Avec la crise sanitaire, nous avons assisté (comme dit Olivier Dutheillet de Lamothe dans la revue Commentaire) au « retour du Léviathan ». Pour sa part, le drame ukrainien, s’il nous démontre a contrario les vertus de l’Etat de droit, nous rappelle aussi à des fondamentaux que nous avions perdus de vue, persuadés que le confort individuel était notre horizon indépassable et que le droit et le marché suffisaient à nous y conduire. Ces fondamentaux sont la souveraineté, le sentiment d’appartenance nationale, le sacrifice, la nécessité de la puissance, la sacralité de la frontière, l’autorité de l’Etat. Le laxisme et la sensiblerie occidentaux ont donné de l’audace à Poutine comme aux islamistes, aux ultras de la haine antisystème comme aux délinquants. L’anomie prive nos sociétés de défenses immunitaires. 

La résistance du peuple ukrainien devrait nous tirer de notre assoupissement irénique et post-historique. La République doit réapprendre à se mobiliser contre ses ennemis intérieurs et extérieurs. La démocratie doit réapprendre à faire prévaloir le bien commun sur les prétentions individuelles et catégorielles. L’individu doit redevenir citoyen. Il doit renouer le lien imprudemment coupé, au nom de l’autonomie de la personne, avec la communauté politique.
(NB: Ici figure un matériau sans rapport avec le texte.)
text \<open>Real trigonometric polynomials of degree at most k on the periodic interval [a,b),
  viewed as (b-a)-periodic functions on the whole real line.\<close>
definition trig_poly :: "real \<Rightarrow> real \<Rightarrow> nat \<Rightarrow> (real \<Rightarrow> real) \<Rightarrow> bool" where
  "trig_poly a b k f \<longleftrightarrow>
     (\<exists>c s :: nat \<Rightarrow> real. \<forall>x. f x = c 0 +
        (\<Sum>j=1..k. c j * cos (2 * pi * real j * (x - a) / (b - a))
                  + s j * sin (2 * pi * real j * (x - a) / (b - a))))"

definition l2_proj :: "real \<Rightarrow> real \<Rightarrow> nat \<Rightarrow> (real \<Rightarrow> real) \<Rightarrow> (real \<Rightarrow> real)" where
  "l2_proj a b k f = (THE p. trig_poly a b k p \<and>
      (\<forall>q. trig_poly a b k q \<longrightarrow> integral {a..b} (\<lambda>x. (f x - p x) * q x) = 0))"

definition helm_inv :: "real \<Rightarrow> real \<Rightarrow> nat \<Rightarrow> (real \<Rightarrow> real) \<Rightarrow> (real \<Rightarrow> real)" where
  "helm_inv a b k g = (THE v. trig_poly a b k v \<and> (\<forall>x. v x - deriv (deriv v) x = g x))"

definition bbm_rhs :: "real \<Rightarrow> real \<Rightarrow> nat \<Rightarrow> (real \<Rightarrow> real) \<Rightarrow> (real \<Rightarrow> real)" where
  "bbm_rhs a b k v = (\<lambda>x. - helm_inv a b k (deriv (l2_proj a b k (\<lambda>y. (v y)^2 / 2))) x)"

definition bbm_mass :: "real \<Rightarrow> real \<Rightarrow> (real \<Rightarrow> real) \<Rightarrow> real" where
  "bbm_mass a b v = integral {a..b} v"

definition bbm_momentum :: "real \<Rightarrow> real \<Rightarrow> (real \<Rightarrow> real) \<Rightarrow> real" where
  "bbm_momentum a b v = integral {a..b} (\<lambda>x. (v x)^2 / 2 + (deriv v x)^2 / 2)"

definition bbm_energy :: "real \<Rightarrow> real \<Rightarrow> (real \<Rightarrow> real) \<Rightarrow> real" where
  "bbm_energy a b v = integral {a..b} (\<lambda>x. (v x)^3 / 6)"

end

(* The three invariants are conserved because the right-hand side R = -(I - d^2)^-1 d P(u^2/2) is
   orthogonal to their variational derivatives 1, (I - d^2) u and u^2/2. With W = P(u^2/2) and
   Z = (I - d^2)^-1 W one has R = -Z', so the integrals of R, of u (R - R'') = -u W' and of
   u^2/2 R = W R = -(Z - Z'') Z' reduce, by integration by parts and the projection property of W,
   to integrals of derivatives of periodic functions. Differentiation under the integral sign is
   justified since the Fourier coefficients of u(t) are finite combinations of its values at 2k+1
   equispaced nodes, and so inherit the regularity in t of the pointwise equation. *)

theory Submission
  imports Defs
begin

lemma integral_eq_0_if_periodic_antiderivative:
  fixes a b :: real
  assumes "a \<le> b"
    and "\<And>x. x \<in> {a..b} \<Longrightarrow> (F has_real_derivative f x) (at x within {a..b})"
    and "F b = F a"
  shows "integral {a..b} f = 0"
proof -
  have "(f has_integral F b - F a) {a..b}"
    using assms(1,2)
    by (intro fundamental_theorem_of_calculus) (auto simp: has_real_derivative_iff_has_vector_derivative)
  then show ?thesis
    using assms(3) by (simp add: integral_unique)
qed

lemma has_real_derivative_integral_param:
  fixes f f' :: "real \<Rightarrow> real \<Rightarrow> real"
  assumes "convex I" "t \<in> I"
    and "\<And>t x. t \<in> I \<Longrightarrow> x \<in> {a..b} \<Longrightarrow> ((\<lambda>s. f s x) has_real_derivative f' t x) (at t within I)"
    and "\<And>t. t \<in> I \<Longrightarrow> continuous_on {a..b} (f t)"
    and "continuous_on (I \<times> {a..b}) (\<lambda>p. f' (fst p) (snd p))"
  shows "((\<lambda>t. integral {a..b} (f t)) has_real_derivative integral {a..b} (f' t)) (at t within I)"
  using leibniz_rule_field_derivative[of I a b f f' t] assms
  by (simp add: cbox_interval integrable_continuous_interval case_prod_beta')

lemma sum_cis_roots_of_unity:
  fixes n :: int and N :: nat
  assumes "\<not> int N dvd n"
  shows "(\<Sum>m<N. cis (real m * (2 * pi * of_int n / real N))) = 0"
proof (cases "N = 0")
  case False
  define z where "z = cis (2 * pi * of_int n / real N)"
  have "z ^ N = cis (2 * pi * of_int n)"
    unfolding z_def Complex.DeMoivre using False by simp
  then have zN: "z ^ N = 1"
    by simp
  have "z \<noteq> 1"
  proof
    assume "z = 1"
    then have "cos (2 * pi * of_int n / real N) = 1"
      unfolding z_def by (metis cis.sel(1) one_complex.sel(1))
    then obtain i :: int where "2 * pi * of_int n / real N = of_int i * 2 * pi"
      using cos_one_2pi_int by blast
    then have "(of_int n :: real) = of_int (i * int N)"
      using False by (simp add: field_simps)
    then have "n = i * int N" by (simp only: of_int_eq_iff)
    with assms show False by simp
  qed
  have "(\<Sum>m<N. z ^ m) = 0"
    using \<open>z \<noteq> 1\<close> zN by (simp add: geometric_sum)
  then show ?thesis
    by (simp add: z_def Complex.DeMoivre)
qed simp

section \<open>Trigonometric polynomials\<close>

locale trig_polys =
  fixes a b :: real and k :: nat
  assumes a_less_b: "a < b"
begin

abbreviation Tk :: "(real \<Rightarrow> real) \<Rightarrow> bool" where
  "Tk f \<equiv> trig_poly a b k f"

definition freq :: "int \<Rightarrow> real" where
  "freq n = 2 * pi * of_int n / (b - a)"

definition cosb :: "nat \<Rightarrow> real \<Rightarrow> real" where
  "cosb j x = cos (freq (int j) * (x - a))"

definition sinb :: "nat \<Rightarrow> real \<Rightarrow> real" where
  "sinb j x = sin (freq (int j) * (x - a))"

definition trig_sum :: "(nat \<Rightarrow> real) \<Rightarrow> (nat \<Rightarrow> real) \<Rightarrow> real \<Rightarrow> real" where
  "trig_sum c s x = (\<Sum>j\<le>k. c j * cosb j x + s j * sinb j x)"

lemma freq_times_length: "freq n * (b - a) = 2 * pi * of_int n"
  using a_less_b by (simp add: freq_def)

lemma cosb_0 [simp]: "cosb 0 x = 1" and sinb_0 [simp]: "sinb 0 x = 0"
  by (simp_all add: cosb_def sinb_def freq_def)

lemma trig_sum_eq:
  "trig_sum c s x = c 0 + (\<Sum>j=1..k. c j * cos (2 * pi * real j * (x - a) / (b - a))
                                    + s j * sin (2 * pi * real j * (x - a) / (b - a)))"
proof -
  have "trig_sum c s x = c 0 + (\<Sum>j=Suc 0..k. c j * cosb j x + s j * sinb j x)"
    unfolding trig_sum_def atMost_atLeast0 by (simp add: sum.atLeast_Suc_atMost)
  then show ?thesis
    by (simp add: cosb_def sinb_def freq_def)
qed

lemma trig_poly_iff_trig_sum: "Tk f \<longleftrightarrow> (\<exists>c s. f = trig_sum c s)"
  unfolding trig_poly_def trig_sum_eq fun_eq_iff ..

lemma Tk_trig_sum [simp]: "Tk (trig_sum c s)"
  unfolding trig_poly_iff_trig_sum by blast

lemma has_real_derivative_cosb: "(cosb j has_real_derivative - freq (int j) * sinb j x) (at x)"
  unfolding cosb_def[abs_def] sinb_def by (auto intro!: derivative_eq_intros)

lemma has_real_derivative_sinb: "(sinb j has_real_derivative freq (int j) * cosb j x) (at x)"
  unfolding cosb_def sinb_def[abs_def] by (auto intro!: derivative_eq_intros)

lemma has_real_derivative_trig_sum:
  "(trig_sum c s has_real_derivative trig_sum (\<lambda>j. freq j * s j) (\<lambda>j. - freq j * c j) x) (at x)"
proof -
  have "((\<lambda>x. \<Sum>j\<le>k. c j * cosb j x + s j * sinb j x) has_real_derivative
        (\<Sum>j\<le>k. c j * (- freq j * sinb j x) + s j * (freq j * cosb j x))) (at x)"
    by (intro DERIV_sum DERIV_add DERIV_cmult has_real_derivative_cosb has_real_derivative_sinb)
  then show ?thesis
    unfolding trig_sum_def[abs_def] by (simp add: algebra_simps)
qed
Il ne s’agit pas de rappeler le Léviathan, mais de retrouver ce surplomb de références partagées, d’attachements mémoriels, de loyautés et de sentiments d’appartenance commune sans lequel chacun, bien que prétendument libéré, est livré à lui-même face aux intempéries de l’histoire.

Cela passe par le rétablissement d’un équilibre des pouvoirs plus respectueux du suffrage universel, plus attentif aux vues des gens ordinaires et plus soucieux des intérêts supérieurs de la Nation. Les juges, les technocrates, les influenceurs d’opinion et l’opinion elle-même doivent reconnaître aux pouvoirs exécutif et législatif une marge de manœuvre qui est à la fois inhérente à la démocratie représentative et nécessaire à la gestion du bien commun dans un monde trop dangereux et trop complexe pour se laisser réduire à la satisfaction de revendications sectorielles ou au règne de principes désincarnés. 

Retrouver la boussole du bien commun, pour retrouver confiance en nous-mêmes. Tel est le vœu – un peu désespéré, un peu fou – que je formerai en 2023 à l’adresse de la société française.